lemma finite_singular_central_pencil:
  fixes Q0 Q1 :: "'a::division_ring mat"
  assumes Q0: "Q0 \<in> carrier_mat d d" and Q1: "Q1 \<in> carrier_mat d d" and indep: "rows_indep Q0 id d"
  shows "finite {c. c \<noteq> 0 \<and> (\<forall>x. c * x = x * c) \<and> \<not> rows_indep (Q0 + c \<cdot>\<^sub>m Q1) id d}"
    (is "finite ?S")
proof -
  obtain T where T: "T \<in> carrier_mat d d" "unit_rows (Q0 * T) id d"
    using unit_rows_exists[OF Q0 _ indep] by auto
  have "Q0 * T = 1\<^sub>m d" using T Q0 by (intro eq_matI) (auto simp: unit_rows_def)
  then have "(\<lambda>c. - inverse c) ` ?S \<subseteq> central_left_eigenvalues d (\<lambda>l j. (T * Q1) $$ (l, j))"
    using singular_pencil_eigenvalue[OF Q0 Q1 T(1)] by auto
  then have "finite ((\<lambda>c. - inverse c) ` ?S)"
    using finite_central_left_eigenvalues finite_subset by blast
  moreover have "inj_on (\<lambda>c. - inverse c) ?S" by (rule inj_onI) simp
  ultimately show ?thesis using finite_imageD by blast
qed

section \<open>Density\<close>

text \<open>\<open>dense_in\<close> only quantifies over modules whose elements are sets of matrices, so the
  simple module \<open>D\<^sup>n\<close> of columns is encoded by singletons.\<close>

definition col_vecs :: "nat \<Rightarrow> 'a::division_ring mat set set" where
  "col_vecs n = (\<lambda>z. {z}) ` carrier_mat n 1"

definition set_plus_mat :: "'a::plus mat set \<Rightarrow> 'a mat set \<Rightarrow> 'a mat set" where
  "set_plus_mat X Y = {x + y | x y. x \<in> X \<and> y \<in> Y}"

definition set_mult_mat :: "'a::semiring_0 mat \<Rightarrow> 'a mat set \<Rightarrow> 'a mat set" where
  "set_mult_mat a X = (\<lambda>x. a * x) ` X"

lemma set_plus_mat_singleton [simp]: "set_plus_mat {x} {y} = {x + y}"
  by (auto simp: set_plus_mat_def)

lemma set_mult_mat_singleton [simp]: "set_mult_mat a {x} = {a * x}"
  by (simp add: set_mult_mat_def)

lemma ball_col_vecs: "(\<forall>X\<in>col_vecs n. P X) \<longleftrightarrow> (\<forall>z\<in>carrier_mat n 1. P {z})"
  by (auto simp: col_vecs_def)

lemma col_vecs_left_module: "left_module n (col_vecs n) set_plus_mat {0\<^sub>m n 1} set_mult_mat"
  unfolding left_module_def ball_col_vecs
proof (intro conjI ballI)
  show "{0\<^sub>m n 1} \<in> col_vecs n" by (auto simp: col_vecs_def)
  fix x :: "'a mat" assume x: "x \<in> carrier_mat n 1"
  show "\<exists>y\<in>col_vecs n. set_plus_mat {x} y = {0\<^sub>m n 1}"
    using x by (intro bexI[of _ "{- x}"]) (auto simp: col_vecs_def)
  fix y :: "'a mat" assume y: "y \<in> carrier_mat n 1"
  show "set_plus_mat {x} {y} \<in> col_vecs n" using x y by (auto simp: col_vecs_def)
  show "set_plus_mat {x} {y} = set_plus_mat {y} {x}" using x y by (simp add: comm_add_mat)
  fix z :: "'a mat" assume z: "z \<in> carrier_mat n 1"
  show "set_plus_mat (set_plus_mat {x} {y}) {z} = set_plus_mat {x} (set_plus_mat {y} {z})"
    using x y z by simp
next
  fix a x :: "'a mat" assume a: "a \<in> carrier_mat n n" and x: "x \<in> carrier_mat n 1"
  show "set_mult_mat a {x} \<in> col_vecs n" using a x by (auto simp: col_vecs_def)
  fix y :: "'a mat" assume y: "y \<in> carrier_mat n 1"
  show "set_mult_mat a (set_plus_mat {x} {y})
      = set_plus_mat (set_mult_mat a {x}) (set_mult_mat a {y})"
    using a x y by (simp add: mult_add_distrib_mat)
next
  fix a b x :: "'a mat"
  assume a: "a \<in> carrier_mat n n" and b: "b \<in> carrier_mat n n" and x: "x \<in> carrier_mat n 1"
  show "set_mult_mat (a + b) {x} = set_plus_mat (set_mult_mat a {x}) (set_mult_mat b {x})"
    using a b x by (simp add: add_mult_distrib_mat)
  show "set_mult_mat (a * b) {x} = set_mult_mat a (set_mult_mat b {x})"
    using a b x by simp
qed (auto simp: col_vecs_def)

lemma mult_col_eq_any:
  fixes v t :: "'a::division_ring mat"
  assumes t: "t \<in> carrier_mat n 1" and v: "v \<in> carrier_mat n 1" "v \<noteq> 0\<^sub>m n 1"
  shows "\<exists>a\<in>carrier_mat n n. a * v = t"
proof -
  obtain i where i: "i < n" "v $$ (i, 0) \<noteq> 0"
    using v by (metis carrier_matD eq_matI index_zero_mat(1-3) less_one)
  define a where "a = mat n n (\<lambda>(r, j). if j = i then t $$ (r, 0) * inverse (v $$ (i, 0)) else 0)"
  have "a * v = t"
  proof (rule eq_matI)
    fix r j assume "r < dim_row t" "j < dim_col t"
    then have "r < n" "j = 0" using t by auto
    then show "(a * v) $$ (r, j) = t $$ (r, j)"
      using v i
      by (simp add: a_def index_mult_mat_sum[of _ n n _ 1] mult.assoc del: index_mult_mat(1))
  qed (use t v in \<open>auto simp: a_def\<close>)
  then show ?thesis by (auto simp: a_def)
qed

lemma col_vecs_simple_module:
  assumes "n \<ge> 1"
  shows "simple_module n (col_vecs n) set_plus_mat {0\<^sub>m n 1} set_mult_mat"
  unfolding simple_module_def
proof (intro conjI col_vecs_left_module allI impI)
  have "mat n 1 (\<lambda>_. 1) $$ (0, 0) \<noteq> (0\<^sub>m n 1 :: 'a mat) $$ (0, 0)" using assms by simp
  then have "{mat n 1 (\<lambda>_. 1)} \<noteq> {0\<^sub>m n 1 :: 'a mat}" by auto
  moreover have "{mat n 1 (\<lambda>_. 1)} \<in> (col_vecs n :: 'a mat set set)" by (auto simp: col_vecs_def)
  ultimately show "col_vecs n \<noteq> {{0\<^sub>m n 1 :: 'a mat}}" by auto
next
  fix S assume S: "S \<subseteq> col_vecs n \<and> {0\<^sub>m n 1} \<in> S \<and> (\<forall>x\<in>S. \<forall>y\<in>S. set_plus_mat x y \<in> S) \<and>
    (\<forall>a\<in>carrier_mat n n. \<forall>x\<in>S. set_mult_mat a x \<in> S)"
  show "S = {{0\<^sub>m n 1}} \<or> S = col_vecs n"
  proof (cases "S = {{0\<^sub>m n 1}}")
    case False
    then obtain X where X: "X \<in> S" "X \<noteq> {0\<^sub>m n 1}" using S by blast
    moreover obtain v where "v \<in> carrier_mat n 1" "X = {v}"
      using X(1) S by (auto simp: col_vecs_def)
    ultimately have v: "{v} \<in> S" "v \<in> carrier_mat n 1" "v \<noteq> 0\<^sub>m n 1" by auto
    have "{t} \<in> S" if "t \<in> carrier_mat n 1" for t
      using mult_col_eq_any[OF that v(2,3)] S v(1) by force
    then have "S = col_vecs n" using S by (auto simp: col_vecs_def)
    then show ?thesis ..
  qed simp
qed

━━━━━━━━━━━━━━━━━━━━━━━━━━━━━━

# Task statement
Take the listing above and repeat exactly the lines from the one containing "using a x y" through the one containing "using a b x by (simp", both included.

# Written response
    using a x y by (simp add: mult_add_distrib_mat)
next
  fix a b x :: "'a mat"
  assume a: "a \<in> carrier_mat n n" and b: "b \<in> carrier_mat n n" and x: "x \<in> carrier_mat n 1"
  show "set_mult_mat (a + b) {x} = set_plus_mat (set_mult_mat a {x}) (set_mult_mat b {x})"
    using a b x by (simp add: add_mult_distrib_mat)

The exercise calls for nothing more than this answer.